Project Launch: 8-11-17

Project Leader, Alison, served in Sierra Leone as a Parks and Environmental Education Volunteer. She is working on a project with a master’s student in Rota. Rota is located in the Mariana Islands of the North Pacific. While culturally, physically, and ecologically part of Micronesia, Rota and its neighbors are politically associated with the United States as the Commonwealth of the Northern Mariana Islands. Rota is a unique place with many interesting cultural traditions and yet it is also a little known insular area of the United States. The island is also home to a highly-endangered species of crow, the Mariana crow (locally called the Aga). 

This project is a collaboration between Alison, her master’s student, and 3-5th grade teachers at Sinapalo Elementary School on Rota. The students will learn about their environment and the Aga. It is expected that through the implementation of this program, and by involving the youth of Rota, the community can work to prevent the crow from becoming extinct. Rota is the only place in the world where this species of crow is found. There are only 60 breeding pairs estimated to exist in the wild.
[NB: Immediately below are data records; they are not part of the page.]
(* Let $\Gamma$ be a finite group, $S\subseteq\Gamma$, $g\ge 3$, and $\Sigma$ an $|S|$-list of elements of $\Gamma$. If there exists an $RSM_\Gamma(S,g;\Sigma)$, then $\mathrm{GOP}(C_g[\Gamma,S];\, g\,\omega(\Sigma))$ has a solution, where $g\,\omega(\Sigma)=[g\,\omega(\sigma)\mid \sigma\in\Sigma]$.
   Context: A list is a multiset. For a list $\Sigma=[\sigma_1,\dots,\sigma_v]$ of elements of a group, $\omega(\Sigma)=[\omega(\sigma_1),\ldots,\omega(\sigma_v)]$ where $\omega(\sigma)$ is the order of $\sigma$. Let $\Gamma$ be a group (written additively, not necessarily abelian), $S\subseteq\Gamma$ and $\Sigma$ an $|S|$-list of elements of $\Gamma$. A row-sum matrix $RSM_\Gamma(S,g;\Sigma)$ is an $|S|\times g$ matrix ($g\ge2$) with entries in $\Gamma$ such that each column is a permutation (arrangement) of $S$ and the multiset of left-to-right row sums $r_1+r_2+\cdots+r_g$ equals $\Sigma$. For $g\ge3$, $C_g[\Gamma,S]$ is the graph with vertex set $\mathbb{Z}_g\times\Gamma$ and edges $\{(i,x),(i+1,d+x)\}$ for $i\in\mathbb{Z}_g$, $x\in\Gamma$, $d\in S$. For a regular graph $G$ and a list $[a_1,\ldots,a_r]$ of integers $\ge 3$, a solution to $\mathrm{GOP}(G;[a_1,\dots,a_r])$ is a partition of the edge set of $G$ into $2$-factors $F_1,\ldots,F_r$, where $F_i$ is a spanning subgraph all of whose components are cycles of length $a_i$. *)

theory Defs
  imports Main "HOL-Library.Multiset"
begin

definition add_order :: "'a::group_add \<Rightarrow> nat" where
  "add_order x = (LEAST n. 0 < n \<and> ((+) x ^^ n) 0 = 0)"

definition row_sum :: "(nat \<Rightarrow> nat \<Rightarrow> 'a::monoid_add) \<Rightarrow> nat \<Rightarrow> nat \<Rightarrow> 'a" where
  "row_sum M g i = sum_list (map (\<lambda>j. M i j) [0..<g])"

definition is_RSM :: "'a::group_add set \<Rightarrow> nat \<Rightarrow> 'a multiset \<Rightarrow> (nat \<Rightarrow> nat \<Rightarrow> 'a) \<Rightarrow> bool" where
  "is_RSM S g \<Sigma> M \<longleftrightarrow> 2 \<le> g \<and> finite S \<and> size \<Sigma> = card S \<and>
     (\<forall>j<g. bij_betw (\<lambda>i. M i j) {..<card S} S) \<and>
     image_mset (row_sum M g) (mset [0..<card S]) = \<Sigma>"

definition Cg_vertices :: "nat \<Rightarrow> (nat \<times> 'a) set" where
  "Cg_vertices g = {..<g} \<times> UNIV"

definition Cg_edges :: "nat \<Rightarrow> 'a::group_add set \<Rightarrow> (nat \<times> 'a) set set" where
  "Cg_edges g S = {{(i, x), ((i + 1) mod g, d + x)} | i x d. i < g \<and> d \<in> S}"

definition cycle_edges :: "'v list \<Rightarrow> 'v set set" where
  "cycle_edges c = {{c ! k, c ! ((k + 1) mod length c)} | k. k < length c}"

definition is_cycle_of_len :: "nat \<Rightarrow> 'v list \<Rightarrow> bool" where
  "is_cycle_of_len a c \<longleftrightarrow> 3 \<le> a \<and> length c = a \<and> distinct c"

definition cycle_factor :: "'v set \<Rightarrow> 'v set set \<Rightarrow> nat \<Rightarrow> 'v set set \<Rightarrow> bool" where
  "cycle_factor V E a F \<longleftrightarrow> F \<subseteq> E \<and>
     (\<exists>C. (\<forall>c\<in>C. is_cycle_of_len a c \<and> set c \<subseteq> V) \<and>
          (\<forall>v\<in>V. \<exists>!c. c \<in> C \<and> v \<in> set c) \<and>
          F = (\<Union>c\<in>C. cycle_edges c))"

definition GOP_solvable :: "'v set \<Rightarrow> 'v set set \<Rightarrow> nat multiset \<Rightarrow> bool" where
  "GOP_solvable V E A \<longleftrightarrow>
     (\<exists>as F. mset as = A \<and>
        (\<forall>i<length as. cycle_factor V E (as ! i) (F i)) \<and>
        (\<forall>i<length as. \<forall>j<length as. i \<noteq> j \<longrightarrow> F i \<inter> F j = {}) \<and>
        (\<Union>i<length as. F i) = E)"

end

(*
  Row i of the row-sum matrix M with row sum \<sigma>\<^sub>i defines a map p\<^sub>i on \<int>\<^sub>g \<times> \<Gamma> that moves
  every vertex of layer j to layer j + 1 along an edge of C\<^sub>g[\<Gamma>, S] labelled by an entry of row i.
  Going once around the layers translates a vertex of layer 0 by \<sigma>\<^sub>i, so every point of p\<^sub>i has
  exact period g \<omega>(\<sigma>\<^sub>i), and the edges {v, p\<^sub>i v} form a 2-factor of cycles of that length.
  As every column of M is an arrangement of S, each edge of C\<^sub>g[\<Gamma>, S] comes from exactly one row;
  for g \<ge> 3 no edge can be traversed in opposite directions by two rows.
*)

theory Submission
  imports Defs "HOL-Combinatorics.Orbits"
begin

lemma funpow_plus_eq:
  fixes s x :: "'a::monoid_add"
  shows "((+) s ^^ m) x = ((+) s ^^ m) 0 + x"
  by (induction m) (simp_all add: add.assoc)

lemma ex_funpow_plus_eq_0: "\<exists>n>0. ((+) (s::'a::{group_add,finite}) ^^ n) 0 = 0"
proof -
  let ?f = "\<lambda>n. ((+) s ^^ n) 0"
  have "\<not> inj ?f"
    using finite_imageD[of ?f UNIV] by auto
  then obtain a b where "a \<noteq> b" "?f a = ?f b"
    by (auto simp: inj_def)
  then obtain a b where "a < b" "?f a = ?f b"
    by (metis linorder_neqE_nat)
  moreover have "?f b = ?f (b - a) + ?f a"
    using \<open>a < b\<close> funpow_add[of "b - a" a "(+) s"] funpow_plus_eq[where m = "b - a"] by simp
  ultimately have "?f (b - a) + ?f a = 0 + ?f a"
    by simp
  then have "?f (b - a) = 0"
    by (rule add_right_imp_eq)
  then show ?thesis
    using \<open>a < b\<close> by (intro exI[of _ "b - a"]) simp
qed

lemma
  fixes s :: "'a::{group_add,finite}"
  shows add_order_pos: "0 < add_order s"
    and funpow_plus_add_order: "((+) s ^^ add_order s) 0 = 0"
  using LeastI_ex[OF ex_funpow_plus_eq_0[of s]] unfolding add_order_def by auto

lemma add_order_le: "0 < m \<Longrightarrow> ((+) s ^^ m) 0 = 0 \<Longrightarrow> add_order s \<le> m"
  unfolding add_order_def by (auto intro: Least_le)

section \<open>Maps whose points all have the same exact period\<close>

definition exact_period :: "('v \<Rightarrow> 'v) \<Rightarrow> nat \<Rightarrow> 'v \<Rightarrow> bool" where
  "exact_period p L v \<longleftrightarrow> 0 < L \<and> (p ^^ L) v = v \<and> (\<forall>k. 0 < k \<longrightarrow> k < L \<longrightarrow> (p ^^ k) v \<noteq> v)"

definition orbit_walk :: "('v \<Rightarrow> 'v) \<Rightarrow> nat \<Rightarrow> 'v \<Rightarrow> 'v list" where
  "orbit_walk p L v = map (\<lambda>k. (p ^^ k) v) [0..<L]"

definition perm_edges :: "'v set \<Rightarrow> ('v \<Rightarrow> 'v) \<Rightarrow> 'v set set" where
  "perm_edges V p = (\<lambda>v. {v, p v}) ` V"

lemma funpow_commute: "(f ^^ m) ((f ^^ n) x) = (f ^^ n) ((f ^^ m) x)"
  by (metis add.commute comp_apply funpow_add)

lemma exact_period_funpow:
  assumes "exact_period p L v"
  shows "exact_period p L ((p ^^ j) v)"
  unfolding exact_period_def
proof (intro conjI allI impI)
  have per: "(p ^^ L) v = v" and "0 < L"
    using assms by (auto simp: exact_period_def)
  show "0 < L" by fact
  show "(p ^^ L) ((p ^^ j) v) = (p ^^ j) v"
    by (simp add: funpow_commute[where f = p and m = L] per)
  fix k assume "0 < k" "k < L"
  show "(p ^^ k) ((p ^^ j) v) \<noteq> (p ^^ j) v"
  proof
    assume eq: "(p ^^ k) ((p ^^ j) v) = (p ^^ j) v"
    define m where "m = L - j mod L"
    have return: "(p ^^ m) ((p ^^ j) v) = v"
    proof -
      have "m + j = L + L * (j div L)"
        using mod_less_divisor[OF \<open>0 < L\<close>, of j] mult_div_mod_eq[of L j]
        unfolding m_def by linarith
      then have "(m + j) mod L = 0"
        by simp
      then show ?thesis
        using funpow_mod_eq[OF per, of "m + j"] by (simp add: funpow_add)
    qed
    have "(p ^^ k) v = (p ^^ m) ((p ^^ k) ((p ^^ j) v))"
      using funpow_commute[where f = p and m = m and n = k] return by simp
    then have "(p ^^ k) v = v"
      by (simp add: eq return)
    then show False
      using assms \<open>0 < k\<close> \<open>k < L\<close> by (auto simp: exact_period_def)
  qed
qed

lemma distinct_orbit_walk: "exact_period p L v \<Longrightarrow> distinct (orbit_walk p L v)"
proof -
  assume per: "exact_period p L v"
  have less: "(p ^^ i) v \<noteq> (p ^^ j) v" if "i < j" "j < L" for i j
  proof
    assume "(p ^^ i) v = (p ^^ j) v"
    then have "(p ^^ (L - j + i)) v = (p ^^ (L - j + j)) v"
      by (simp add: funpow_add)
    then have "(p ^^ (L - j + i)) v = v"
      using per \<open>j < L\<close> by (simp add: exact_period_def)
    then show False
      using per that by (auto simp: exact_period_def)
  qed
  have "(p ^^ i) v \<noteq> (p ^^ j) v" if "i \<noteq> j" "i < L" "j < L" for i j
    using that less[of i j] less[of j i] by (cases "i < j") auto
  then show ?thesis
    unfolding orbit_walk_def distinct_conv_nth by simp
qed

lemma set_orbit_walk:
  assumes "exact_period p L v"
  shows "set (orbit_walk p L v) = orbit p v"
  using assms orbit_altdef_bounded[where f = p and n = L and s = v]
  by (auto simp: exact_period_def orbit_walk_def)

lemma cycle_edges_orbit_walk:
  assumes "exact_period p L v"
  shows "cycle_edges (orbit_walk p L v) = perm_edges (orbit p v) p"
proof -
  define w where "w = orbit_walk p L v"
  have per: "(p ^^ L) v = v" and "0 < L"
    using assms by (auto simp: exact_period_def)
  have len: "length w = L"
    by (simp add: w_def orbit_walk_def)
  have next_eq: "w ! ((k + 1) mod L) = p (w ! k)" if "k < L" for k
    using that \<open>0 < L\<close> funpow_mod_eq[OF per, of "Suc k"] by (simp add: w_def orbit_walk_def)
  have "cycle_edges w = (\<lambda>k. {w ! k, p (w ! k)}) ` {..<L}"
    unfolding cycle_edges_def len using next_eq by auto
  also have "\<dots> = (\<lambda>u. {u, p u}) ` (\<lambda>k. w ! k) ` {..<L}"
    by (simp add: image_image)
  also have "(\<lambda>k. w ! k) ` {..<L} = set w"
    unfolding set_conv_nth len by auto
  also have "\<dots> = orbit p v"
    using set_orbit_walk[OF assms] by (simp add: w_def)
  finally show ?thesis
    by (simp add: w_def perm_edges_def)
qed

lemma self_in_orbit_if_exact_period: "exact_period p L v \<Longrightarrow> v \<in> orbit p v"
  unfolding exact_period_def orbit_altdef by (metis (mono_tags, lifting) mem_Collect_eq)

lemma orbit_eq_if_mem_orbit:
  assumes "exact_period p L v" and "u \<in> orbit p v"
  shows "orbit p u = orbit p v"
  using self_in_orbit_if_exact_period[OF assms(1)] assms(2) by (auto intro: orbit_swap orbit_trans)

lemma orbit_subset_if_maps:
  assumes "\<forall>v\<in>V. p v \<in> V" and "v \<in> V"
  shows "orbit p v \<subseteq> V"
proof
  fix u assume "u \<in> orbit p v"
  then show "u \<in> V"
    by induction (use assms in auto)
qed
The World Connect grant will provide critical support to fund curriculum materials for the students and teachers, as well as binoculars for students to appreciate the crows in the wild!

Final Report: 6-28-18

This project successfully improved knowledge of, and attitudes towards, a critically endangered bird species on the island of Rota.  Elementary school students who participated in this project completed a pre- and post-survey that measured their knowledge and attitudes about the critically endangered Mariana crow before and after an environmental education curriculum about the bird was implemented.  The curriculum included 5 lessons that took 1.5 hours each to conduct.  The entire program was estimated to take one month to implement, plus additional time for the pre- and post-surveys.